With the expansion of social media and the increasing dissemination of multimedia content, the spread of misinformation has become a major concern. This necessitates effective strategies for multimodal misinformation detection (MMD) that detect whether the combination of an image and its accompanying text could mislead or misinform. Due to the data-intensive nature of deep neural networks and the labor-intensive process of manual annotation, researchers have been exploring various methods for automatically generating synthetic multimodal misinformation - which we refer to as Synthetic Misinformers - in order to train MMD models. However, limited evaluation on real-world misinformation and a lack of comparisons with other Synthetic Misinformers makes difficult to assess progress in the field. To address this, we perform a comparative study on existing and new Synthetic Misinformers that involves (1) out-of-context (OOC) image-caption pairs, (2) cross-modal named entity inconsistency (NEI) as well as (3) hybrid approaches and we evaluate them against real-world misinformation; using the COSMOS benchmark. The comparative study showed that our proposed CLIP-based Named Entity Swapping can lead to MMD models that surpass other OOC and NEI Misinformers in terms of multimodal accuracy and that hybrid approaches can lead to even higher detection accuracy. Nevertheless, after alleviating information leakage from the COSMOS evaluation protocol, low Sensitivity scores indicate that the task is significantly more challenging than previous studies suggested.
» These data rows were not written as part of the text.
(* Let $\omega_+$ be the quasi-free state described in the context, let $n\in\mathbb N$, and let $\Omega_n\in\mathbb C^{2n\times2n}$ be the Majorana correlation matrix $(\Omega_n)_{kl}=\omega_+(B(w^{(k)})B(w^{(l)}))$, $k,l=1,\dots,2n$. Then $$\Omega_n=1_{2n}+i\,T_n[a],\qquad a(\xi)=\frac2i\begin{bmatrix}s_0(\xi)-\frac12 & s_2(\xi)-is_3(\xi)\\ s_2(\xi)+is_3(\xi) & s_0(\xi)-\frac12\end{bmatrix},$$ where $T_n[a]$ is the $2\times2$ block Toeplitz matrix with symbol $a\in L^\infty_{2\times2}$; moreover $T_n[a]$ is real and skew-symmetric, $T_n[a]\in\mathbb R^{2n\times2n}$, $T_n[a]^t=-T_n[a]$.
   Context: $\mathfrak h=\ell^2(\mathbb Z)$; $b_x,b_x^*$ ($x\in\mathbb Z$) generate a CAR algebra: $\{b_x,b_y\}=0$, $\{b_x^*,b_y\}=\delta_{xy}$. For $f=(f_+,f_-)\in\mathfrak h\oplus\mathfrak h$, $B(f)=\sum_x(f_+(x)b_x^*+f_-(x)b_x)$. Vectors $w^{(k)}=(w^{(k)}_+,w^{(k)}_-)$, supported on $\{1,\dots,n\}$, are given for $j=1,\dots,n$ by $w_+^{(k)}(j)=\delta_{k,2j-1}-i\delta_{k,2j}$, $w_-^{(k)}(j)=\delta_{k,2j-1}+i\delta_{k,2j}$ (so $B(w^{(2j-1)})=b_j^*+b_j$, $B(w^{(2j)})=i(b_j-b_j^* )$). Parameters: $\beta_L,\beta_R>0$, $\beta=\frac12(\beta_R+\beta_L)$, $\delta=\frac12(\beta_R-\beta_L)$, $\gamma\in(-1,1)$, $\lambda\in\mathbb R$; $\kappa(\xi)=2\lambda\sin\xi-(1-\gamma^2)\sin2\xi$, $\mu(\xi)=((\cos\xi-\lambda)^2+\gamma^2\sin^2\xi)^{1/2}$, $\varphi_{\alpha,\alpha'}=\sinh(\alpha\mu)/(\cosh(\alpha\mu)+\cosh(\alpha'\mu))$. Define $s_0=\frac12-\frac12\varphi_{\delta,\beta}\operatorname{sign}\kappa$, $s_1=0$, $s_2=\frac12\varphi_{\beta,\delta}\gamma\sin\xi/\mu$, $s_3=-\frac12\varphi_{\beta,\delta}(\cos\xi-\lambda)/\mu$, and $s(\xi)=\sum_{k=0}^3s_k(\xi)\sigma_k$ ($\sigma_0=1_2$, $\sigma_{1,2,3}$ Pauli matrices). $\omega_+$ is the quasi-free state (odd moments of $B$'s vanish, even moments given by the signed sum over pairings of two-point functions) with $\omega_+(B^*(f)B(g))=(f,Sg)$, where $S$ is the operator on $\ell^2(\mathbb Z)\otimes\mathbb C^2$ which, under $Ff(\xi)=\sum_xf(x)e^{ix\xi}$, is multiplication by $s(\xi)$. Block Toeplitz convention: for $a\in L^\infty_{N\times N}$ (essentially bounded $N\times N$ matrix functions on the unit circle), $a_x=\int_0^{2\pi}\frac{d\xi}{2\pi}a(\xi)e^{-ix\xi}\in\mathbb C^{N\times N}$, and $T_n[a]$ is the $Nn\times Nn$ matrix whose $(i,j)$-th $N\times N$ block is $a_{i-j}$, $i,j=1,\dots,n$. *)

theory Defs
  imports "HOL-Analysis.Analysis"
begin

definition kappa :: "real \<Rightarrow> real \<Rightarrow> real \<Rightarrow> real" where
  "kappa gam lam \<xi> = 2 * lam * sin \<xi> - (1 - gam^2) * sin (2 * \<xi>)"

definition mu :: "real \<Rightarrow> real \<Rightarrow> real \<Rightarrow> real" where
  "mu gam lam \<xi> = sqrt ((cos \<xi> - lam)^2 + gam^2 * (sin \<xi>)^2)"

definition phi :: "real \<Rightarrow> real \<Rightarrow> real \<Rightarrow> real" where
  "phi al al' m = sinh (al * m) / (cosh (al * m) + cosh (al' * m))"

definition beta_avg :: "real \<Rightarrow> real \<Rightarrow> real" where
  "beta_avg bL bR = (bR + bL) / 2"

definition delta_diff :: "real \<Rightarrow> real \<Rightarrow> real" where
  "delta_diff bL bR = (bR - bL) / 2"

definition s0 :: "real \<Rightarrow> real \<Rightarrow> real \<Rightarrow> real \<Rightarrow> real \<Rightarrow> real" where
  "s0 bL bR gam lam \<xi> =
     1/2 - 1/2 * phi (delta_diff bL bR) (beta_avg bL bR) (mu gam lam \<xi>) * sgn (kappa gam lam \<xi>)"

definition s1 :: "real \<Rightarrow> real \<Rightarrow> real \<Rightarrow> real \<Rightarrow> real \<Rightarrow> real" where
  "s1 bL bR gam lam \<xi> = 0"

definition s2 :: "real \<Rightarrow> real \<Rightarrow> real \<Rightarrow> real \<Rightarrow> real \<Rightarrow> real" where
  "s2 bL bR gam lam \<xi> =
     1/2 * phi (beta_avg bL bR) (delta_diff bL bR) (mu gam lam \<xi>) * gam * sin \<xi> / mu gam lam \<xi>"

definition s3 :: "real \<Rightarrow> real \<Rightarrow> real \<Rightarrow> real \<Rightarrow> real \<Rightarrow> real" where
  "s3 bL bR gam lam \<xi> =
     - 1/2 * phi (beta_avg bL bR) (delta_diff bL bR) (mu gam lam \<xi>) * (cos \<xi> - lam) / mu gam lam \<xi>"

text \<open>2x2 matrices are functions nat => nat => complex with indices 0,1.
  s = s0 sigma0 + s1 sigma1 + s2 sigma2 + s3 sigma3; index 0 is the "+" component,
  index 1 the "-" component.\<close>

definition s_mat :: "real \<Rightarrow> real \<Rightarrow> real \<Rightarrow> real \<Rightarrow> real \<Rightarrow> nat \<Rightarrow> nat \<Rightarrow> complex" where
  "s_mat bL bR gam lam \<xi> r c =
     (let a0 = complex_of_real (s0 bL bR gam lam \<xi>); a1 = complex_of_real (s1 bL bR gam lam \<xi>);
          a2 = complex_of_real (s2 bL bR gam lam \<xi>); a3 = complex_of_real (s3 bL bR gam lam \<xi>)
      in if r = 0 \<and> c = 0 then a0 + a3
         else if r = 0 \<and> c = 1 then a1 - \<i> * a2
         else if r = 1 \<and> c = 0 then a1 + \<i> * a2
         else if r = 1 \<and> c = 1 then a0 - a3 else 0)"

definition a_sym :: "real \<Rightarrow> real \<Rightarrow> real \<Rightarrow> real \<Rightarrow> real \<Rightarrow> nat \<Rightarrow> nat \<Rightarrow> complex" where
  "a_sym bL bR gam lam \<xi> r c =
     (let a0 = complex_of_real (s0 bL bR gam lam \<xi>);
          a2 = complex_of_real (s2 bL bR gam lam \<xi>); a3 = complex_of_real (s3 bL bR gam lam \<xi>)
      in (2 / \<i>) *
         (if r = 0 \<and> c = 0 then a0 - 1/2
          else if r = 0 \<and> c = 1 then a2 - \<i> * a3
          else if r = 1 \<and> c = 0 then a2 + \<i> * a3
          else if r = 1 \<and> c = 1 then a0 - 1/2 else 0))"

definition fourier_coeff :: "(real \<Rightarrow> complex) \<Rightarrow> int \<Rightarrow> complex" where
  "fourier_coeff h x = (1 / (2 * pi)) * integral {0..2*pi} (\<lambda>\<xi>. h \<xi> * exp (- \<i> * of_int x * \<xi>))"

text \<open>T_n[a] for an N x N matrix symbol a; entries indexed by k, l in {1..N*n}:
  the (i,j)-th block (i = (k-1) div N + 1, j = (l-1) div N + 1) is a_{i-j}, and inside it
  the entry ((k-1) mod N, (l-1) mod N).\<close>

definition block_toeplitz :: "nat \<Rightarrow> nat \<Rightarrow> (real \<Rightarrow> nat \<Rightarrow> nat \<Rightarrow> complex) \<Rightarrow> nat \<Rightarrow> nat \<Rightarrow> complex" where
  "block_toeplitz N n a k l =
     fourier_coeff (\<lambda>\<xi>. a \<xi> ((k - 1) mod N) ((l - 1) mod N))
                   (int ((k - 1) div N) - int ((l - 1) div N))"

type_synonym hvec = "(int \<Rightarrow> complex) \<times> (int \<Rightarrow> complex)"

definition supp_h :: "hvec \<Rightarrow> int set" where
  "supp_h f = {x. fst f x \<noteq> 0 \<or> snd f x \<noteq> 0}"

definition fin_supp :: "hvec \<Rightarrow> bool" where
  "fin_supp f \<longleftrightarrow> finite (supp_h f)"

definition inner_h :: "hvec \<Rightarrow> hvec \<Rightarrow> complex" where
  "inner_h f g = (\<Sum>x\<in>supp_h f. cnj (fst f x) * fst g x + cnj (snd f x) * snd g x)"

definition ft :: "(int \<Rightarrow> complex) \<Rightarrow> real \<Rightarrow> complex" where
  "ft h \<xi> = (\<Sum>x\<in>{x. h x \<noteq> 0}. h x * exp (\<i> * of_int x * \<xi>))"

definition S_op :: "(real \<Rightarrow> nat \<Rightarrow> nat \<Rightarrow> complex) \<Rightarrow> hvec \<Rightarrow> hvec" where
  "S_op s g =
     ((\<lambda>x. fourier_coeff (\<lambda>\<xi>. s \<xi> 0 0 * ft (fst g) \<xi> + s \<xi> 0 1 * ft (snd g) \<xi>) x),
      (\<lambda>x. fourier_coeff (\<lambda>\<xi>. s \<xi> 1 0 * ft (fst g) \<xi> + s \<xi> 1 1 * ft (snd g) \<xi>) x))"

text \<open>The algebra is a ring 'a with a central embedding sc of the complex scalars, an
  involution st (the adjoint), generators b x, and a state om.  B(f) is defined for
  finitely supported f.\<close>

definition Bop :: "(complex \<Rightarrow> 'a::ring_1) \<Rightarrow> ('a \<Rightarrow> 'a) \<Rightarrow> (int \<Rightarrow> 'a) \<Rightarrow> hvec \<Rightarrow> 'a" where
  "Bop sc st b f = (\<Sum>x\<in>supp_h f. sc (fst f x) * st (b x) + sc (snd f x) * b x)"

definition Bprod :: "(complex \<Rightarrow> 'a::ring_1) \<Rightarrow> ('a \<Rightarrow> 'a) \<Rightarrow> (int \<Rightarrow> 'a) \<Rightarrow> hvec list \<Rightarrow> 'a" where
  "Bprod sc st b fs = foldr (\<lambda>f p. Bop sc st b f * p) fs 1"

definition star_algebra :: "(complex \<Rightarrow> 'a::ring_1) \<Rightarrow> ('a \<Rightarrow> 'a) \<Rightarrow> bool" where
  "star_algebra sc st \<longleftrightarrow>
     (\<forall>c d. sc (c + d) = sc c + sc d) \<and> (\<forall>c d. sc (c * d) = sc c * sc d) \<and> sc 1 = 1 \<and>
     (\<forall>c a. sc c * a = a * sc c) \<and>
     (\<forall>a a'. st (a + a') = st a + st a') \<and> (\<forall>a a'. st (a * a') = st a' * st a) \<and>
     (\<forall>a. st (st a) = a) \<and> (\<forall>c. st (sc c) = sc (cnj c))"

definition CAR_generators :: "(complex \<Rightarrow> 'a::ring_1) \<Rightarrow> ('a \<Rightarrow> 'a) \<Rightarrow> (int \<Rightarrow> 'a) \<Rightarrow> bool" where
  "CAR_generators sc st b \<longleftrightarrow>
     (\<forall>x y. b x * b y + b y * b x = 0) \<and>
     (\<forall>x y. st (b x) * b y + b y * st (b x) = sc (if x = y then 1 else 0))"

definition is_state :: "(complex \<Rightarrow> 'a::ring_1) \<Rightarrow> ('a \<Rightarrow> 'a) \<Rightarrow> ('a \<Rightarrow> complex) \<Rightarrow> bool" where
  "is_state sc st om \<longleftrightarrow>
     (\<forall>a a'. om (a + a') = om a + om a') \<and> (\<forall>c a. om (sc c * a) = c * om a) \<and>
     om 1 = 1 \<and> (\<forall>a. Im (om (st a * a)) = 0 \<and> Re (om (st a * a)) \<ge> 0)"

text \<open>Quasi-free with two-point operator S: omega(B*(f)B(g)) = (f, S g), and the moments
  of B's are given by the signed sum over pairings, written via its recursive expansion
  along the first factor (this also forces all odd moments to vanish).\<close>

definition quasi_free :: "(complex \<Rightarrow> 'a::ring_1) \<Rightarrow> ('a \<Rightarrow> 'a) \<Rightarrow> (int \<Rightarrow> 'a) \<Rightarrow> ('a \<Rightarrow> complex)
    \<Rightarrow> (real \<Rightarrow> nat \<Rightarrow> nat \<Rightarrow> complex) \<Rightarrow> bool" where
  "quasi_free sc st b om s \<longleftrightarrow>
     (\<forall>f g. fin_supp f \<longrightarrow> fin_supp g \<longrightarrow>
        om (st (Bop sc st b f) * Bop sc st b g) = inner_h f (S_op s g)) \<and>
     (\<forall>f fs. fin_supp f \<longrightarrow> (\<forall>g\<in>set fs. fin_supp g) \<longrightarrow>
        om (Bprod sc st b (f # fs)) =
          (\<Sum>j<length fs. (-1)^j * om (Bop sc st b f * Bop sc st b (fs ! j))
                             * om (Bprod sc st b (take j fs @ drop (Suc j) fs))))"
Finally, our findings showed that NEI-based Synthetic Misinformers tend to suffer from a unimodal bias, where text-only models can outperform multimodal ones.

SESSION: Session 3: AI for (Dis-)Information Analysis

In the Spotlight: The Russian Government's Use of Official Twitter Accounts to Influence Discussions About its War in Ukraine

  • Benjamin Shultz

Russia's war in Ukraine has marked an inflection point for the future of the global order and democracy itself. Widely condemned for waging a war of aggression, the Russian government has used its official social media channels to spread disinformation as justification for the war. This study examines how the Russian government has used its official Twitter accounts to shape English-language conversations about the war in Ukraine. 2,685 English-language tweets posted by 70 Russian government accounts between 1 September 2022 and 31 January 2023 were analyzed using BERTopic. Initial topic analysis shows the Russian government portrayed itself as a noble world leader interested in peace and cooperation, while deflecting blame onto the “Kiev Regime” for starting the war. A semantic similarity analysis was then conducted to compare the narratives originating from Russian government Twitter accounts to 149,732 English-language tweets about the war in Ukraine to estimate these narratives’ spread. Results show a segment of general discussion tweets to exhibit strongly similar language to Russian government tweets, but also highlight differences between the frequency and saliency of Russian government narratives. This work contributes one of the first analyses of disinformation originating from official Russian government social media channels about the war in Ukraine.

Examining European Press Coverage of the Covid-19 No-Vax Movement: An NLP Framework

  • David Alonso del Barrio
  • Daniel Gatica-Perez

This paper examines how the European press dealt with the no-vax reactions against the Covid-19 vaccine and the dis- and misinformation associated with this movement. Using a curated dataset of 1786 articles from 19 European newspapers on the anti-vaccine movement over a period of 22 months in 2020-2021, we used Natural Language Processing techniques including topic modeling, sentiment analysis, semantic relationship with word embeddings, political analysis, named entity recognition, and semantic networks, to understand the specific role of the European traditional press in the disinformation ecosystem. The results of this multi-angle analysis demonstrate that the European well-established press actively opposed a variety of hoaxes mainly spread on social media, and was critical of the anti-vax trend, regardless of the political orientation of the newspaper. This confirms the relevance of studying the role of high-quality press in the disinformation ecosystem.